You are reading a translation. Original version: RU

Series «Pritvorstvo» 2019The series The Act is probably the most terrifying thing I’ve watched since Leaving Neverland. It’s a grim textbook on the exploitation of a child’s disability taken to absurd extremes. The Act is based on real events (and that’s horrifying, yes), recounting the story of single mother Dee Dee and her "severely ill" daughter Gypsy. If, like me, you wept years ago while reading Bury My Heart at Wounded Knee, then The Act will leave you wanting to crawl into a corner and reject modern medicine, which so meticulously sustained nonexistent illnesses in an otherwise healthy young woman, never questioning the actions of her mother—who suffered from Munchausen syndrome by proxy.

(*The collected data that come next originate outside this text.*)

(* Let $E\in M(m)$ be a real $m\times m$ matrix all of whose eigenvalues have positive real parts, and let $H\in M(n)$ be a real $n\times n$ matrix. Let $h:\mathbb{R}^m\to M(n,\mathbb{C})$ be a measurable function such that, for every $c>0$, $$h(c^{E}x)=c^{H/2}\,h(x)\,c^{H^*/2}\quad\text{for Lebesgue-a.e. } x\in\mathbb{R}^m$$ (the exceptional null set may depend on $c$). Then there exists an $(E,H)$-homogeneous function $\varphi:\mathbb{R}^m\setminus\{0\}\to M(n,\mathbb{C})$ such that $\varphi(x)=h(x)$ for Lebesgue-a.e. $x$.
   Context: For a square matrix $M$ and $c>0$, $c^{M}:=\sum_{k\ge0}(\log c)^kM^k/k!$. $A^*$ denotes the conjugate transpose. $M(n)$ is the space of real $n\times n$ matrices and $M(n,\mathbb{C})$ the space of complex $n\times n$ matrices. A function $\varphi:\mathbb{R}^m\to M(n,\mathbb{C})$ is called $(E,H)$-homogeneous if $\varphi(c^{E}x)=c^{H/2}\varphi(x)c^{H^*/2}$ for all $c>0$ and all $x\in\mathbb{R}^m\setminus\{0\}$. *)

theory Defs
  imports "HOL-Analysis.Analysis"
begin

definition matpow :: "'a::comm_ring_1^'n^'n \<Rightarrow> nat \<Rightarrow> 'a^'n^'n" where
  "matpow M k = (((**) M) ^^ k) (mat 1)"

definition mat_cpow :: "real \<Rightarrow> real^'n^'n \<Rightarrow> real^'n^'n" where
  "mat_cpow c M = (\<Sum>k. ((ln c) ^ k / fact k) *\<^sub>R matpow M k)"

definition cmat :: "real^'m^'n \<Rightarrow> complex^'m^'n" where
  "cmat M = (\<chi> i j. complex_of_real (M $ i $ j))"

definition is_eigenvalue :: "real^'n^'n \<Rightarrow> complex \<Rightarrow> bool" where
  "is_eigenvalue M l \<longleftrightarrow> (\<exists>v::complex^'n. v \<noteq> 0 \<and> cmat M *v v = l *s v)"

text \<open>(E,H)-homogeneity on R^m minus the origin; H is real so H^* = transpose H.\<close>
definition EH_homogeneous ::
  "real^'m^'m \<Rightarrow> real^'n^'n \<Rightarrow> (real^'m \<Rightarrow> complex^'n^'n) \<Rightarrow> bool" where
  "EH_homogeneous E H \<phi> \<longleftrightarrow>
     (\<forall>c>0. \<forall>x. x \<noteq> 0 \<longrightarrow>
        \<phi> (mat_cpow c E *v x) =
          cmat (mat_cpow c ((1/2) *\<^sub>R H)) ** \<phi> x ** cmat (mat_cpow c ((1/2) *\<^sub>R transpose H)))"

end

theory Submission imports Defs begin

text \<open>
Taking \<open>c = e^t\<close>, the hypothesis says that \<open>h\<close> is a.e. equivariant under the one-parameter
groups \<open>x \<mapsto> e^(tE) x\<close> and \<open>V \<mapsto> e^(tH/2) V e^(tH*/2)\<close>, for each fixed \<open>t\<close>. By Fubini, for
a.e. \<open>x\<close> the equivariance identity then holds for a.e. \<open>t\<close>. Call \<open>v\<close> admissible at \<open>x\<close> if
\<open>h(e^(tE) x) = e^(tH/2) v e^(tH*/2)\<close> for a.e. \<open>t\<close>. Admissible values are unique, since the action
on matrices is invertible, and they are transported along orbits; so taking \<open>\<phi>(x)\<close> to be the
admissible value at \<open>x\<close> (and \<open>0\<close> on orbits without one) gives an exactly homogeneous function,
which equals \<open>h\<close> at every \<open>x\<close> where \<open>h(x)\<close> itself is admissible, i.e. almost everywhere.
\<close>

lemma matpow_0 [simp]: "matpow M 0 = mat 1"
  by (simp add: matpow_def)

lemma matpow_Suc: "matpow M (Suc k) = M ** matpow M k"
  by (simp add: matpow_def)

lemma matpow_add: "matpow M (a + b) = matpow M a ** matpow M b"
  by (induction a) (simp_all add: matpow_Suc matrix_mul_assoc)

definition entry_bound :: "real^'n^'n \<Rightarrow> real" where
  "entry_bound M = 1 + (\<Sum>i\<in>UNIV. \<Sum>j\<in>UNIV. \<bar>M $ i $ j\<bar>)"

lemma entry_bound_ge_1: "1 \<le> entry_bound M"
  unfolding entry_bound_def by (simp add: sum_nonneg)

lemma row_sum_le_entry_bound: "(\<Sum>l\<in>UNIV. \<bar>M $ i $ l\<bar>) \<le> entry_bound M"
proof -
  have "(\<Sum>l\<in>UNIV. \<bar>M $ i $ l\<bar>) \<le> (\<Sum>i\<in>UNIV. \<Sum>j\<in>UNIV. \<bar>M $ i $ j\<bar>)"
    by (rule member_le_sum[where f = "\<lambda>i. \<Sum>j\<in>UNIV. \<bar>M $ i $ j\<bar>"]) (auto intro: sum_nonneg)
  then show ?thesis
    unfolding entry_bound_def by simp
qed

lemma abs_matpow_entry_le: "\<bar>matpow M k $ i $ j\<bar> \<le> entry_bound M ^ k"
proof (induction k arbitrary: i j)
  case 0
  then show ?case by (simp add: mat_def)
next
  case (Suc k)
  have "\<bar>matpow M (Suc k) $ i $ j\<bar> = \<bar>\<Sum>l\<in>UNIV. M $ i $ l * matpow M k $ l $ j\<bar>"
    by (simp add: matpow_Suc matrix_matrix_mult_def)
  also have "\<dots> \<le> (\<Sum>l\<in>UNIV. \<bar>M $ i $ l\<bar> * entry_bound M ^ k)"
    by (rule order_trans[OF sum_abs]) (auto intro!: sum_mono mult_left_mono Suc simp: abs_mult)
  also have "\<dots> = (\<Sum>l\<in>UNIV. \<bar>M $ i $ l\<bar>) * entry_bound M ^ k"
    by (simp add: sum_distrib_right)
  also have "\<dots> \<le> entry_bound M * entry_bound M ^ k"
    using entry_bound_ge_1[of M] by (intro mult_right_mono row_sum_le_entry_bound) auto
  finally show ?case by simp
qed

lemma summable_abs_exp_series_entry:
  fixes M :: "real^'n^'n"
  shows "summable (\<lambda>k. \<bar>t ^ k / fact k * matpow M k $ i $ j\<bar>)"
proof (rule summable_comparison_test[OF _ summable_exp[of "\<bar>t\<bar> * entry_bound M"]])
  have "\<bar>t ^ k / fact k * matpow M k $ i $ j\<bar> \<le> inverse (fact k) * (\<bar>t\<bar> * entry_bound M) ^ k" for k
  proof -
    have "\<bar>t ^ k / fact k * matpow M k $ i $ j\<bar> = inverse (fact k) * \<bar>t\<bar> ^ k * \<bar>matpow M k $ i $ j\<bar>"
      by (simp add: abs_mult power_abs divide_inverse)
    also have "\<dots> \<le> inverse (fact k) * \<bar>t\<bar> ^ k * entry_bound M ^ k"
      by (intro mult_left_mono abs_matpow_entry_le) auto
    finally show ?thesis
      by (simp add: power_mult_distrib mult.assoc)
  qed
  then show "\<exists>N. \<forall>k\<ge>N. norm \<bar>t ^ k / fact k * matpow M k $ i $ j\<bar> \<le> inverse (fact k) * (\<bar>t\<bar> * entry_bound M) ^ k"
    by auto
qed

definition mat_exp :: "real^'n^'n \<Rightarrow> real \<Rightarrow> real^'n^'n" where
  "mat_exp M t = (\<Sum>k. (t ^ k / fact k) *\<^sub>R matpow M k)"

lemma mat_cpow_eq_mat_exp: "mat_cpow c M = mat_exp M (ln c)"
  by (simp add: mat_cpow_def mat_exp_def)

lemma mat_exp_entry: "mat_exp M t $ i $ j = (\<Sum>k. t ^ k / fact k * matpow M k $ i $ j)"
proof -
  have partial_sums: "(\<lambda>n. \<Sum>k<n. (t ^ k / fact k) *\<^sub>R matpow M k) =
      (\<lambda>n. \<chi> i j. \<Sum>k<n. t ^ k / fact k * matpow M k $ i $ j)"
    by (auto simp: vec_eq_iff)
  have "(\<lambda>k. (t ^ k / fact k) *\<^sub>R matpow M k) sums (\<chi> i j. \<Sum>k. t ^ k / fact k * matpow M k $ i $ j)"
    unfolding sums_def partial_sums
    by (intro tendsto_vec_lambda summable_LIMSEQ[OF summable_rabs_cancel[OF summable_abs_exp_series_entry]])
  then show ?thesis
    unfolding mat_exp_def by (simp add: sums_unique[symmetric])
qed
(* Let $G=(V,E)$ be a graph with no isolated vertices and $m\ge1$ edges, and let $d$ be an optimal solution of $\mathrm{IP}_{\mathrm{sparse}}$. Let $G_d=(V,E_d)$ be the graph with an edge $\{i,j\}$ for every pair $i\neq j$ with $d_{i,j}=0$. Then every connected component $C$ of $G_d$ induces a connected subgraph $G[C]$ of $G$.
   Context: $G=(V,E)$ is an undirected simple graph, $V=\{1,\dots,n\}$, $m=|E|$, adjacency matrix $A$, degrees $d_i$, modularity matrix $B_{i,j}=A_{i,j}-\frac{d_id_j}{2m}$. Variables $d_{i,j}$ satisfy $d_{i,j}=d_{j,i}$, $d_{i,i}=0$. $N(i)$ is the neighbor set of $i$ and $N(i,j)=(N(i)\cup N(j))\setminus\{i,j\}$. $\mathrm{IP}_{\mathrm{sparse}}$: maximize $-\frac{1}{2m}\sum_{i,j}B_{i,j}d_{i,j}$ subject to $d_{i,k}+d_{k,j}\ge d_{i,j}$ for every pair $i\ne j$ and every $k\in N(i,j)$, and $d_{i,j}\in\{0,1\}$ for all $i\ne j$. *)

theory Defs
  imports Complex_Main
begin

definition simple_graph :: "nat \<Rightarrow> (nat \<Rightarrow> nat \<Rightarrow> bool) \<Rightarrow> bool" where
  "simple_graph n adj \<longleftrightarrow>
     (\<forall>i j. adj i j \<longrightarrow> i \<in> {1..n} \<and> j \<in> {1..n}) \<and>
     (\<forall>i j. adj i j \<longleftrightarrow> adj j i) \<and> (\<forall>i. \<not> adj i i)"

definition num_edges :: "nat \<Rightarrow> (nat \<Rightarrow> nat \<Rightarrow> bool) \<Rightarrow> nat" where
  "num_edges n adj = card {{i, j} | i j. i \<in> {1..n} \<and> j \<in> {1..n} \<and> adj i j}"

definition degree :: "nat \<Rightarrow> (nat \<Rightarrow> nat \<Rightarrow> bool) \<Rightarrow> nat \<Rightarrow> nat" where
  "degree n adj i = card {j \<in> {1..n}. adj i j}"

definition adjm :: "(nat \<Rightarrow> nat \<Rightarrow> bool) \<Rightarrow> nat \<Rightarrow> nat \<Rightarrow> real" where
  "adjm adj i j = (if adj i j then 1 else 0)"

So why, you might ask, am I writing about it if it’s so revolting? Because this entire story is reality. That’s one.

Two: because the series is one long, terrifying metaphor for what many parents do to their own children. By not giving them responsibility, treating them as "still too stupid and helpless," continuing to cater to their basic needs when they’re already 20, 30, or 40 years old. Sleeping in the same bed with a 15-year-old daughter and doing laundry for a 40-year-old son. Forgetting that children are not a universal cure for loneliness or social failure. And inflicting irreversible harm through this violence.

Of course, you should also watch it because the actors deliver outstanding performances, and the writers have truly done an excellent job.